Inheritance Tax — A comparative analysis
Ann Mumford (Senior Lecturer in Tax, Queen Mary School of Law) has recently posted on SSRN her article entitled From Dahomey, to London, to DC: ‘Marketing’ Wealth with the Proposal for a Comprehensive Inheritance Tax.
Here is a summary of her article:
This paper was presented at the September 19, 2008 NYU Tax Law Review Symposium addressing Prof. Lily Batchelder’s proposal to implement a comprehensive inheritance tax. This draft essay seeks to demonstrate that the comprehensive inheritance tax proposal involves a just tax. The idea of justice in taxation frequently involves linking benefits to taxation, and is explored in different ways in tax legal scholarship. On the question of inheritance taxation, however, justice is frequently determined within a socio-political mire of competing objectives. Given the political capital involved, it can be difficult to construct arguments effectively, especially if one is arguing for the adaptation of a different form of taxation of inherited wealth.

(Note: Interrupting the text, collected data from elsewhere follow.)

lemma obtain_taming_weight:
  fixes U V :: "'a \<Rightarrow> real"
  assumes [measurable]: "U \<in> borel_measurable F" "V \<in> borel_measurable F"
  obtains w where "w \<in> borel_measurable F" "\<And>x. 0 < w x" "\<And>x. w x \<le> 1"
    "\<And>x. \<bar>w x * U x\<bar> \<le> 1" "integrable M (\<lambda>x. w x * V x)"
proof -
  obtain f :: "'a \<Rightarrow> real" where f_meas: "f \<in> borel_measurable (restr_to_subalg M F)"
    and f_int: "integrable (restr_to_subalg M F) f" and f: "\<And>x. 0 < f x" "\<And>x. f x \<le> 1"
    using sigma_finite_measure.obtain_positive_integrable_function[OF sigma_fin_subalg] by metis
  have [measurable]: "f \<in> borel_measurable F" using f_meas by (simp add: subalg)
  define w where "w x = f x / (1 + \<bar>U x\<bar> + \<bar>V x\<bar>)" for x
  have "w \<in> borel_measurable F" unfolding w_def by measurable
  moreover have "0 < w x" "w x \<le> 1" for x
    using f[of x] by (auto simp: w_def field_simps)
  moreover have "\<bar>w x * U x\<bar> \<le> 1" for x
    using f[of x] mult_left_le_one_le[of "\<bar>U x\<bar>" "f x"] by (simp add: w_def abs_mult field_simps)
  moreover have "integrable M (\<lambda>x. w x * V x)"
  proof (rule integrable_from_subalg[OF subalg], rule Bochner_Integration.integrable_bound[OF f_int])
    have "\<bar>w x * V x\<bar> \<le> f x" for x
      using f[of x] mult_left_mono[of "\<bar>V x\<bar>" "1 + \<bar>U x\<bar> + \<bar>V x\<bar>" "f x"]
      by (simp add: w_def abs_mult field_simps)
    then show "AE x in restr_to_subalg M F. norm (w x * V x) \<le> norm (f x)"
      using f by (auto intro!: order.trans[OF _ abs_ge_self])
  qed (simp add: subalg w_def)
  ultimately show ?thesis by (rule that)
qed

lemma real_cond_exp_concave_jensen:
  fixes q psi :: "real \<Rightarrow> real"
  assumes X: "integrable M X" "AE x in M. X x \<in> I" and I: "is_interval I"
    and q: "integrable M (\<lambda>x. q (X x))" "q \<in> borel_measurable borel"
    and psi: "psi \<in> borel_measurable borel"
    and support: "\<And>m y. m \<in> I \<Longrightarrow> y \<in> I \<Longrightarrow> q y \<le> q m + psi m * (y - m)"
  shows "AE x in M. real_cond_exp M F (\<lambda>x. q (X x)) x \<le> q (real_cond_exp M F X x)"
proof -
  define Y where "Y = real_cond_exp M F X"
  have [measurable]: "X \<in> borel_measurable M" "Y \<in> borel_measurable F"
    "q \<in> borel_measurable borel" "psi \<in> borel_measurable borel"
    using X q psi by (simp_all add: Y_def)
  \<comment> \<open>The weight makes q(Y) and psi(Y) integrable; being positive and F-measurable, it is divided out at the end.\<close>
  obtain w where [measurable]: "w \<in> borel_measurable F" and w_pos: "\<And>x. 0 < w x"
    and w_le_1: "\<And>x. w x \<le> 1" and w_psi: "\<And>x. \<bar>w x * psi (Y x)\<bar> \<le> 1"
    and int_qY: "integrable M (\<lambda>x. w x * q (Y x))"
    by (rule obtain_taming_weight[of "\<lambda>x. psi (Y x)" "\<lambda>x. q (Y x)"]) simp_all
  have [measurable]: "w \<in> borel_measurable M" "Y \<in> borel_measurable M"
    by (rule measurable_from_subalg[OF subalg], measurable)+
  have int_Y: "integrable M Y" unfolding Y_def by (rule real_cond_exp_int(1)[OF X(1)])
  have int_slope: "integrable M (\<lambda>x. w x * psi (Y x) * (X x - Y x))"
    by (rule Bochner_Integration.integrable_bound[of _ "\<lambda>x. X x - Y x"])
       (use X(1) int_Y w_psi in \<open>auto simp: abs_mult intro!: mult_left_le_one_le\<close>)
  have int_qX: "integrable M (\<lambda>x. w x * q (X x))"
    by (rule Bochner_Integration.integrable_bound[OF q(1)])
       (use w_pos w_le_1 in \<open>auto simp: abs_mult less_imp_le intro!: mult_left_le_one_le\<close>)
  have "AE x in M. w x * q (X x) \<le> w x * q (Y x) + w x * psi (Y x) * (X x - Y x)"
    using X(2) real_cond_exp_in_interval[OF X I]
  proof eventually_elim
    case (elim x)
    then have "q (X x) \<le> q (Y x) + psi (Y x) * (X x - Y x)"
      using support by (simp add: Y_def)
    from mult_left_mono[OF this less_imp_le[OF w_pos]] show ?case
      by (simp add: algebra_simps)
  qed
  then have "AE x in M. real_cond_exp M F (\<lambda>x. w x * q (X x)) x
      \<le> real_cond_exp M F (\<lambda>x. w x * q (Y x) + w x * psi (Y x) * (X x - Y x)) x"
    by (rule real_cond_exp_mono) (auto intro: int_qX int_qY int_slope)
  moreover have "AE x in M. real_cond_exp M F (\<lambda>x. w x * q (X x)) x
      = w x * real_cond_exp M F (\<lambda>x. q (X x)) x"
    by (rule real_cond_exp_mult) (auto simp: int_qX)
  moreover have "AE x in M. real_cond_exp M F (\<lambda>x. w x * q (Y x) + w x * psi (Y x) * (X x - Y x)) x
      = real_cond_exp M F (\<lambda>x. w x * q (Y x)) x + real_cond_exp M F (\<lambda>x. w x * psi (Y x) * (X x - Y x)) x"
    by (rule real_cond_exp_add[OF int_qY int_slope])
  moreover have "AE x in M. real_cond_exp M F (\<lambda>x. w x * q (Y x)) x = w x * q (Y x)"
    by (rule real_cond_exp_F_meas[OF int_qY]) measurable
  moreover have "AE x in M. real_cond_exp M F (\<lambda>x. w x * psi (Y x) * (X x - Y x)) x = 0"
    using real_cond_exp_mult_centered[of "\<lambda>x. w x * psi (Y x)" X] int_slope X(1) by (simp add: Y_def)
  ultimately have "AE x in M. w x * real_cond_exp M F (\<lambda>x. q (X x)) x \<le> w x * q (Y x)"
    by eventually_elim simp
  then show ?thesis
    by eventually_elim (use w_pos in \<open>simp add: Y_def\<close>)
qed

lemma real_cond_exp_diff_F_meas:
  assumes "integrable M f" "f \<in> borel_measurable F" "integrable M g"
  shows "AE x in M. real_cond_exp M F (\<lambda>x. f x - g x) x = f x - real_cond_exp M F g x"
  using real_cond_exp_diff[OF assms(1,3)] real_cond_exp_F_meas[OF assms(1,2)]
  by eventually_elim simp

end

text \<open>The right derivative of a concave g at m, as a supremum of chord slopes; the inserted 0 only
  matters at a right end point m of S, where there are no chords.\<close>
definition right_slope :: "real set \<Rightarrow> (real \<Rightarrow> real) \<Rightarrow> real \<Rightarrow> real" where
  "right_slope S g m = Sup (insert 0 {(g t - g m) / (t - m) | t. t \<in> S \<and> m < t})"

locale mono_concave_deflationary =
  fixes S :: "real set" and g :: "real \<Rightarrow> real"
  assumes concave: "concave_on S g" and mono: "mono_on S g"
    and deflationary: "\<And>x. x \<in> S \<Longrightarrow> g x \<le> x"
    and maps_into: "\<And>x. x \<in> S \<Longrightarrow> g x \<in> S"
begin

lemma is_interval_S: "is_interval S"
  using concave_on_imp_convex[OF concave] by (simp add: is_interval_convex_1)

lemma funpow_in_S: "x \<in> S \<Longrightarrow> (g ^^ n) x \<in> S"
  by (induction n) (simp_all add: maps_into)

lemma chord_slope_nonneg: "y \<in> S \<Longrightarrow> m \<in> S \<Longrightarrow> y < m \<Longrightarrow> 0 \<le> (g m - g y) / (m - y)"
  using mono by (simp add: monotone_on_def)

lemma chord_slope_antimono:
  assumes "y \<in> S" "t \<in> S" "y < m" "m < t"
  shows "(g t - g m) / (t - m) \<le> (g m - g y) / (m - y)"
proof -
  have "(g m - g y) / (y - m) = - ((g m - g y) / (m - y))"
    "(g t - g m) / (m - t) = - ((g t - g m) / (t - m))"
    by (simp_all add: divide_minus_right[symmetric])
  then show ?thesis
    using convex_on_slope_le[OF concave[unfolded concave_on_def] assms] by simp
qed

lemma bdd_above_chord_slopes:
  assumes "m \<in> S"
  shows "bdd_above (insert 0 {(g t - g m) / (t - m) | t. t \<in> S \<and> m < t})"
proof (cases "\<exists>y\<in>S. y < m")
  case True
  then obtain y where "y \<in> S" "y < m" by blast
  then show ?thesis
    using chord_slope_antimono chord_slope_nonneg assms
    by (intro bdd_aboveI[of _ "(g m - g y) / (m - y)"]) auto
next
  case False
  \<comment> \<open>At the left end point m of S, g m \<in> S forces g m = m, so the chords have slope at most 1.\<close>
  then have "m \<le> g m" using maps_into[OF assms] by force
  then have "(g t - g m) / (t - m) \<le> 1" if "t \<in> S" "m < t" for t
    using deflationary[OF \<open>t \<in> S\<close>] \<open>m < t\<close> by (simp add: divide_simps)
  then show ?thesis by (intro bdd_aboveI[of _ 1]) auto
qed
(* In the setting described in the context, fix $\vartheta\in(0,\infty)$, write $\mathrm{range}(f')=(a,b)$ and let $g:(a,b)\to(0,\infty)$ be the inverse of $f'$; for $c\in\mathbb{R}$ put $I_c=\{\vartheta^{-1}y+c: y\in(a,b)\}$. If $f'(x)\to\infty$ as $x\to\infty$ and, for every $c\in\mathbb{R}$, the random variable $g\bigl(\vartheta(\ell(T,\cdot)-c)\bigr)\mathbf{1}_{\{\ell(T,\cdot)\in I_c\}}$ is $\mathsf{P}$-integrable, then there exist a constant $c\in\mathbb{R}$ and a function $z:\mathbb{R}\to\mathbb{R}_+$ such that $x-f'(z(x))/\vartheta=c$ for $x\in I_c$, $z(x)=0$ for $x\notin I_c$, $\mathsf{E}\bigl(z(\ell(T,\cdot))\bigr)=1$ and $\mathsf{P}\bigl(\ell(T,\cdot)<\sup I_c\bigr)=1$.
   Context: Fix $T\in(0,\infty)$, $d\in\mathbb{N}$, let $\Omega=D([0,T],\mathbb{R}^d)$ be the set of càdlàg paths with canonical process $X(t)(\omega)=\omega(t)$ and natural filtration $(\mathcal{F}^0_t)$. $\mathsf{P}$ is a probability measure on $(\Omega,\mathcal{F}^0_T)$ with $\mathsf{P}(X(0)=0)=1$; $\mathsf{E}$ denotes $\mathsf{P}$-expectation. $f:\mathbb{R}_+\to\mathbb{R}$ is twice differentiable and strictly convex with $f(1)=0$, so $f'$ is continuous strictly increasing on $(0,\infty)$ and its range is an open interval $(a,b)$ ($a,b$ possibly infinite). $\ell:[0,T]\times\Omega\to\mathbb{R}$ is a non-anticipative functional (measurable with $\ell(t,\omega)=\ell(t,\omega(t\wedge\cdot))$) with $\ell(0,0)=0$; $\ell(T,\cdot)$ is the terminal loss. *)

theory Defs
  imports "HOL-Probability.Probability"
begin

This paper acknowledges that the comprehensive inheritance tax will face the problem of politics, as the issue of inheritance taxation is intensely political, and its unpopularity has been the subject of valuable academic analysis. Its spectre of repeal in the US has had an enormous impact in the UK, and elsewhere. Thus this draft response to the proposal for a comprehensive inheritance tax has started from a point of acknowledgment of comparative impact.